Présidentielle au Venezuela : María Corina Machado remporte les primaires de l’opposition

La libérale María Corina Machado, frappée d’inéligibilité par le régime en place, a remporté dimanche les primaires de l’opposition au Venezuela en vue de l’élection présidentielle de 2024 que briguera le président Nicolás Maduro.

Photo : LaPresse.ca

Frappée d’inéligibilité mais en tête pour représenter l’opposition vénézuélienne. La libérale María Corina Machado a remporté dimanche 22 octobre les primaires de l’opposition au Venezuela en vue de la présidentielle de 2024, selon la commission qui organisait le scrutin. Celle qui appartient à l’aile la plus radicale de l’opposition l’a emporté avec 26 % des voix d’après la commission, qui a dépouillé près de 92 % des bulletins de vote. Son plus proche rival, Carlos Prosperi, qui avait dénoncé des irrégularités dans le processus, a obtenu 5 % des suffrages, les autres ayant obtenu moins de 1 % des voix. « Nous faisons partie d’une histoire citoyenne et ce que nous avons vu aujourd’hui [dimanche] est une avalanche citoyenne à l’intérieur et à l’extérieur du Venezuela », a déclaré María Corina Machado avant l’annonce des résultats, évoquant les électeurs dans le pays et de l’étranger.

Libérale et fervente opposante au chavisme

Cette ingénieure de 56 ans et ex-députée s’est, cependant, vue interdire en juin d’exercer toute fonction publique pendant 15 ans. Une inéligibilité que les États-Unis, qui ont allégé cette semaine les sanctions contre le Venezuela au lendemain de la reprise du dialogue entre le pouvoir et l’opposition, poussent à faire lever. María Corina Machado, qui s’est imposée par ses discours directs et sans concessions, est accusée par le régime de Caracas de corruption et d’avoir soutenu les sanctions de la communauté internationale contre le Venezuela. Fervente opposante au chavisme – du nom de Hugo Chavez, figure de la gauche radicale latino-américaine et défunt prédécesseur de Nicolás Maduro –, elle veut imposer une économie libérale, avec notamment la privatisation des entreprises publiques.

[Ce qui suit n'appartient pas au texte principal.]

(* Let $p$ be an odd prime and let $P$ be the Paley matrix of order $p$. Then the $p^2\times p^2$ matrix \[H=P\otimes P+J\otimes I+\omega\, I\otimes J\] is a $BH(p^2,6)$ matrix, i.e. a complex Hadamard matrix of order $p^2$ all of whose entries are sixth roots of unity.
   Context: $\omega=e^{2\pi i/3}$. $I$ and $J$ denote the $p\times p$ identity and all-ones matrices, and $\otimes$ is the Kronecker product. The Paley matrix of order $p$ is the circulant matrix $P$ with $P_{i,j}=\chi(j-i)$ for $i,j\in\mathbb{Z}_p$, where $\chi(0)=0$, $\chi(k)=1$ if $k$ is a nonzero quadratic residue mod $p$ and $\chi(k)=-1$ otherwise. A complex Hadamard matrix of order $n$ is an $n\times n$ matrix with unimodular entries satisfying $HH^\ast=nI_n$; $BH(n,q)$ denotes such a matrix whose entries are $q$-th roots of unity. *)

theory Defs
  imports "Jordan_Normal_Form.Schur_Decomposition" "HOL-Number_Theory.Number_Theory"
begin

text \<open>Kronecker product: entry ((i,k),(j,l)) of A (x) B is A(i,j) * B(k,l); the pair
  index (i,k) is encoded as i * dim_row B + k (resp. j * dim_col B + l).\<close>
definition kron :: "'a::times mat \<Rightarrow> 'a mat \<Rightarrow> 'a mat" where
  "kron A B = mat (dim_row A * dim_row B) (dim_col A * dim_col B)
     (\<lambda>(i,j). A $$ (i div dim_row B, j div dim_col B) * B $$ (i mod dim_row B, j mod dim_col B))"

definition ones_mat :: "nat \<Rightarrow> complex mat" where
  "ones_mat n = mat n n (\<lambda>_. 1)"

definition paley_mat :: "nat \<Rightarrow> complex mat" where
  "paley_mat p = mat p p (\<lambda>(i,j). of_int (Legendre (int j - int i) (int p)))"

definition omega :: complex where
  "omega = cis (2 * pi / 3)"

definition complex_hadamard :: "nat \<Rightarrow> complex mat \<Rightarrow> bool" where
  "complex_hadamard n H \<longleftrightarrow> H \<in> carrier_mat n n \<and>
     (\<forall>i<n. \<forall>j<n. cmod (H $$ (i,j)) = 1) \<and>
     H * mat_adjoint H = of_nat n \<cdot>\<^sub>m 1\<^sub>m n"

definition butson_hadamard :: "nat \<Rightarrow> nat \<Rightarrow> complex mat \<Rightarrow> bool" where
  "butson_hadamard n q H \<longleftrightarrow> complex_hadamard n H \<and>
     (\<forall>i<n. \<forall>j<n. (H $$ (i,j)) ^ q = 1)"

end

theory Submission
  imports Defs
begin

« Peu à peu, elle s’est arrogé le monopole de l’alternative à l’opposition classique », dont les échecs répétés ont lassé les militants, analyse Luis Vicente León, directeur de l’institut de sondage Datanalisis. Les primaires se sont tenues au terme d’une semaine riche en annonces, avec un accord entre le pouvoir et l’opposition pour que se tienne une présidentielle au second semestre 2024, la libération de cinq prisonniers politiques, le déblocage de trois milliards de dollars de fonds gelés pour des dépenses sociales et, surtout, une levée temporaire des principales sanctions américaines. Le dialogue entre opposition et gouvernement, qui s’est tenu à La Barbade sous les auspices de la Norvège, n’a cependant pas suffi à résoudre la question de l’inéligibilité de la plupart des leaders de l’opposition, notamment celle de María Corina Machado. Washington lie l’allègement prolongé des sanctions à une amélioration de la situation politique dans le pays et a dit s’attendre à ce que « tous » les candidats puissent se présenter aux élections générales de 2024.

Des bureaux de vote improvisés dans la rue

L’opposition n’a pas reconnu la réélection de Nicolás Maduro, en 2018, lors d’un scrutin largement considéré comme frauduleux et non reconnu par de nombreux pays. L’année suivante, Washington a renforcé contre Caracas les sanctions imposées pour la première fois en 2015 en raison de la répression brutale de manifestations antigouvernementales. Bien que son parti ne l’ait pas encore officiellement proclamé, Nicolás Maduro briguera sans doute un troisième mandat de six ans l’année prochaine.

Les primaires visant à désigner son prochain rival ont été organisées dans une improvisation relative, après des mois de tergiversations, mais aussi d’opérations de « sabotage » orchestrées par le pouvoir, selon l’opposition. Cette dernière a renoncé à faire appel au Conseil national électoral (CNE) pour organiser le vote, jugé trop proche du pouvoir. Certains bureaux de vote ont ainsi dû être improvisés dans la rue, d’autres chez des particuliers.

« Je veux un changement, pour mes enfants, pour mon pays », a témoigné Margarita Fuenmayor, une habitante d’un quartier de la capitale Caracas, bastion progouvernemental, qui a proposé sa maison comme bureau de vote. Le Venezuela a vu son PIB se contracter de 80 % en dix ans, ce qui a poussé plus de sept millions de personnes a fuir le pays depuis l’effondrement de son économie, selon l’ONU.